Concerning what to store - for each read of the data there is a corresponding read of the link list during the search and, in addition, they can be collocated (in case mmap is done within the index), so probably putting them together would not slow down index that much. Something similar (storage of both links and data in the lower level) was studied in [https://proceedings.neurips.cc//paper/2020/file/788d986905533aba051261497ecffcbb-Paper.pdf] (and overall IMO it makes sense to bother insights from the paper).

dbespalov commented 3 years ago

@louisabraham @yurymalkov

I think both of these features would be extremely useful!!

I have recently added pickle support to the python bindings, and the internal data storage of the HierarchicalNSW (NHSW) class, implemented in hnswlag.h, is fresh in my head. Maybe, I can offer some insights here as well.

Data points are stored in data_level0_memory_ array, defined on line 120. The points are stored together with external labels, and links for the first layer (level 0). They are copied into data_level0_memory_ by HNSW methods addPoint and updatePoint on lines 1030 and 833. Access to points in data_level0_memory_ is encapsulated with inline method getDataByInternalId defined on line 151.
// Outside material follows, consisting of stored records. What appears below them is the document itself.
(* Let $A$ be an implementable allocation rule with interim allocations $x_i$ and interim payments $z_i$. Then for every bidder $i$, the function $b_i^{\mathrm{WPB}}(v_i) := z_i(v_i)/x_i(v_i)$ is monotone non-decreasing on the set $\{v_i \in \mathcal V_i : x_i(v_i) > 0\}$.
   Context: Setting: $n$ risk-neutral unit-demand bidders and $k$ identical items, $1 \le k < n$. Bidder $i$ has private value $v_i \in \mathcal V_i = [0,\bar v_i]$, drawn independently across bidders from a distribution $F_i$ with density $f_i > 0$ on $\mathcal V_i$; $\bm v = (v_1,\dots,v_n)$, $\mathcal V = \prod_i \mathcal V_i$. An allocation rule is a measurable map $A : \mathcal V \to \{0,1\}^n$ with $\sum_i A_i(\bm v) \le k$. Its interim allocation is $x_i(v_i) = \mathbb E[A_i(\bm v) \mid v_i]$, and $A$ is called implementable if every $x_i$ is non-decreasing. Its interim payment function is $z_i(v_i) = v_i x_i(v_i) - \int_0^{v_i} x_i(u)\,du$. *)

theory Defs
  imports "HOL-Probability.Probability"
begin

text \<open>A valuation profile is a function nat => real,
  extensional outside 0..<n. Bidder i's value space is [0, vbar i], its distribution
  has density f i with respect to Lebesgue measure on that interval.\<close>

definition valspace :: "real \<Rightarrow> real measure" where
  "valspace vb = restrict_space lborel {0..vb}"

definition valdist :: "real \<Rightarrow> (real \<Rightarrow> real) \<Rightarrow> real measure" where
  "valdist vb f = density (valspace vb) (\<lambda>v. ennreal (f v))"

definition allocation_rule ::
  "nat \<Rightarrow> nat \<Rightarrow> (nat \<Rightarrow> real) \<Rightarrow> ((nat \<Rightarrow> real) \<Rightarrow> nat \<Rightarrow> real) \<Rightarrow> bool" where
  "allocation_rule n k vbar A \<longleftrightarrow>
     (\<forall>i<n. (\<lambda>v. A v i) \<in> borel_measurable (PiM {0..<n} (\<lambda>j. valspace (vbar j)))) \<and>
     (\<forall>v \<in> PiE {0..<n} (\<lambda>j. {0..vbar j}).
        (\<forall>i<n. A v i \<in> {0, 1}) \<and> (\<Sum>i<n. A v i) \<le> real k)"

text \<open>Interim allocation x_i(v_i) = E[A_i(v) | v_i]; by independence this is the
  integral over the other bidders' values w.r.t. the product of their distributions.\<close>
definition interim_alloc ::
  "nat \<Rightarrow> (nat \<Rightarrow> real) \<Rightarrow> (nat \<Rightarrow> real \<Rightarrow> real) \<Rightarrow> ((nat \<Rightarrow> real) \<Rightarrow> nat \<Rightarrow> real)
   \<Rightarrow> nat \<Rightarrow> real \<Rightarrow> real" where
  "interim_alloc n vbar f A i vi =
     (\<integral>w. A (w(i := vi)) i \<partial>(PiM ({0..<n} - {i}) (\<lambda>j. valdist (vbar j) (f j))))"

definition implementable ::
  "nat \<Rightarrow> (nat \<Rightarrow> real) \<Rightarrow> (nat \<Rightarrow> real \<Rightarrow> real) \<Rightarrow> ((nat \<Rightarrow> real) \<Rightarrow> nat \<Rightarrow> real) \<Rightarrow> bool" where
  "implementable n vbar f A \<longleftrightarrow>
     (\<forall>i<n. mono_on {0..vbar i} (interim_alloc n vbar f A i))"

definition interim_pay ::
  "nat \<Rightarrow> (nat \<Rightarrow> real) \<Rightarrow> (nat \<Rightarrow> real \<Rightarrow> real) \<Rightarrow> ((nat \<Rightarrow> real) \<Rightarrow> nat \<Rightarrow> real)
   \<Rightarrow> nat \<Rightarrow> real \<Rightarrow> real" where
  "interim_pay n vbar f A i vi =
     vi * interim_alloc n vbar f A i vi - integral {0..vi} (interim_alloc n vbar f A i)"

end

theory Submission
  imports Defs
begin

text \<open>Write \<open>z(v)/x(v) = v - (\<integral>\<^sub>0\<^sup>v x)/x(v)\<close>. For \<open>a \<le> b\<close>, split \<open>\<integral>\<^sub>0\<^sup>b x\<close> at \<open>a\<close>:
  monotonicity bounds \<open>\<integral>\<^sub>a\<^sup>b x\<close> by \<open>(b - a) x(b)\<close>, which the gain \<open>b - a\<close> in the first
  term absorbs, and \<open>\<integral>\<^sub>0\<^sup>a x \<ge> 0\<close> is divided by the larger number \<open>x(b) \<ge> x(a)\<close>.\<close>

lemma mono_on_pay_div_alloc:
  fixes g :: "real \<Rightarrow> real"
  assumes mono: "mono_on {0..V} g" and nonneg: "\<And>u. u \<in> {0..V} \<Longrightarrow> 0 \<le> g u"
  shows "mono_on {x \<in> {0..V}. 0 < g x} (\<lambda>x. (x * g x - integral {0..x} g) / g x)"
proof (rule mono_onI)
  fix a b assume "a \<in> {x \<in> {0..V}. 0 < g x}" "b \<in> {x \<in> {0..V}. 0 < g x}" and "a \<le> b"
  then have ab: "0 \<le> a" "a \<le> b" "b \<le> V" and ga: "0 < g a" by auto
  have gab: "g a \<le> g b" using mono ab by (auto intro: mono_onD)
  have gb: "0 < g b" using ga gab by linarith
  have int0b: "g integrable_on {0..b}"
    using integrable_on_mono_on[of 0 b g] mono_on_subset[OF mono, of "{0..b}"] ab by auto
  define Ia where "Ia = integral {0..a} g"
  define J where "J = integral {a..b} g"
  have Ib: "integral {0..b} g = Ia + J"
    using Henstock_Kurzweil_Integration.integral_combine[OF ab(1,2) int0b] unfolding Ia_def J_def by simp
  have Ia_nonneg: "0 \<le> Ia" unfolding Ia_def
    by (rule Henstock_Kurzweil_Integration.integral_nonneg[OF integrable_on_subinterval[OF int0b]]) (use nonneg ab in auto)
  have "J \<le> integral {a..b} (\<lambda>_. g b)" unfolding J_def
    by (rule integral_le[OF integrable_on_subinterval[OF int0b]])
       (use mono ab in \<open>auto intro: mono_onD\<close>)
  then have "J / g b \<le> b - a" using ab gb by (simp add: divide_le_eq mult.commute)
  moreover have "Ia / g b \<le> Ia / g a" using Ia_nonneg ga gab by (simp add: divide_left_mono)
  moreover have "(a * g a - Ia) / g a = a - Ia / g a" using ga by (simp add: field_simps)
  moreover have "(b * g b - (Ia + J)) / g b = b - Ia / g b - J / g b"
    using gb by (simp add: field_simps)
  ultimately show "(a * g a - integral {0..a} g) / g a \<le> (b * g b - integral {0..b} g) / g b"
    unfolding Ib Ia_def[symmetric] by linarith
qed

lemma interim_alloc_nonneg:
  assumes "allocation_rule n k vbar A" and "i < n" and "vi \<in> {0..vbar i}"
  shows "0 \<le> interim_alloc n vbar f A i vi"
  unfolding interim_alloc_def
proof (rule Bochner_Integration.integral_nonneg)
  fix w assume "w \<in> space (PiM ({0..<n} - {i}) (\<lambda>j. valdist (vbar j) (f j)))"
  then have "w \<in> PiE ({0..<n} - {i}) (\<lambda>j. {0..vbar j})"
    by (simp add: space_PiM valdist_def valspace_def space_restrict_space)
  then have "w(i := vi) \<in> PiE {0..<n} (\<lambda>j. {0..vbar j})"
    using assms(2,3) unfolding PiE_def Pi_def extensional_def by auto
  then have "A (w(i := vi)) i \<in> {0, 1}"
    using assms(1,2) unfolding allocation_rule_def by blast
  then show "0 \<le> A (w(i := vi)) i" by auto
qed

theorem mainTheorem1:
  fixes n k :: nat
    and vbar :: "nat \<Rightarrow> real"
    and f :: "nat \<Rightarrow> real \<Rightarrow> real"
    and A :: "(nat \<Rightarrow> real) \<Rightarrow> nat \<Rightarrow> real"
  assumes "1 \<le> k" and "k < n"
    and "\<And>i. i < n \<Longrightarrow> vbar i > 0"
    and "\<And>i. i < n \<Longrightarrow> f i \<in> borel_measurable borel"
    and "\<And>i v. i < n \<Longrightarrow> v \<in> {0..vbar i} \<Longrightarrow> f i v > 0"
    and "\<And>i. i < n \<Longrightarrow> prob_space (valdist (vbar i) (f i))"
    and "allocation_rule n k vbar A"
    and "implementable n vbar f A"
  shows "\<forall>i<n. mono_on {vi \<in> {0..vbar i}. interim_alloc n vbar f A i vi > 0}
                 (\<lambda>vi. interim_pay n vbar f A i vi / interim_alloc n vbar f A i vi)"
proof (intro allI impI)
  fix i assume i: "i < n"
  have "mono_on {0..vbar i} (interim_alloc n vbar f A i)"
    using assms(8) i unfolding implementable_def by blast
  moreover have "\<And>u. u \<in> {0..vbar i} \<Longrightarrow> 0 \<le> interim_alloc n vbar f A i u"
    using interim_alloc_nonneg[OF assms(7) i] by blast
  ultimately show "mono_on {vi \<in> {0..vbar i}. interim_alloc n vbar f A i vi > 0}
                     (\<lambda>vi. interim_pay n vbar f A i vi / interim_alloc n vbar f A i vi)"
    unfolding interim_pay_def by (rule mono_on_pay_div_alloc)
qed

end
One option could be to store point id's in data_level0_memory_, instead of actual data points. These id's would then be used by getDataByInternalId to load points from some external table. In this case, signatures for addPoint and updatePoint would have to change from

void addPoint(const void *data_point, labeltype label) ;
void updatePoint(const void *dataPoint, tableint internalId, float updateNeighborProbability) ;

to something like

 void addPoint(pointtype point_id, labeltype label);
 void updatePoint(pointtype point_id, tableint internalId, float updateNeighborProbability);

I think as long as points are not modified after insertion into the table, synchronization logic from HNSW should work for this case as is. So, maybe the original HNSW class can be extended to implement both features.

jonathangomesselman commented 2 years ago

@dbespalov @yurymalkov @louisabraham

This is an incredibly interesting thread and very relevant to a use case that I am looking into where I am hoping to use an ANN algorithm on a machine with limited RAM. I was wondering if anything ever came of this thread in terms of allowing for memory-mapped files? Thanks in advance for more info!

I am also curious @louisabraham if since creating this thread you have worked with other ANN libraries that accomplish this with similar performance to HNSW (which is pretty sweet!)?

louisabraham commented 2 years ago

Did you have a look at Annoy?

jonathangomesselman commented 2 years ago

I have a bit, but will certainly look more! Were you using the Spotify annoy library?

From looking at the ANN Benchmarks, I was hoping to find one of the stronger performing benchmarks - annoy seems relatively low performing in (Recall/Query speed) and generates a very large on disk index; however, maybe we get these performance hits because annoy is optimized for memory mapping and production characteristics. Eager to dig more into this, thanks @louisabraham!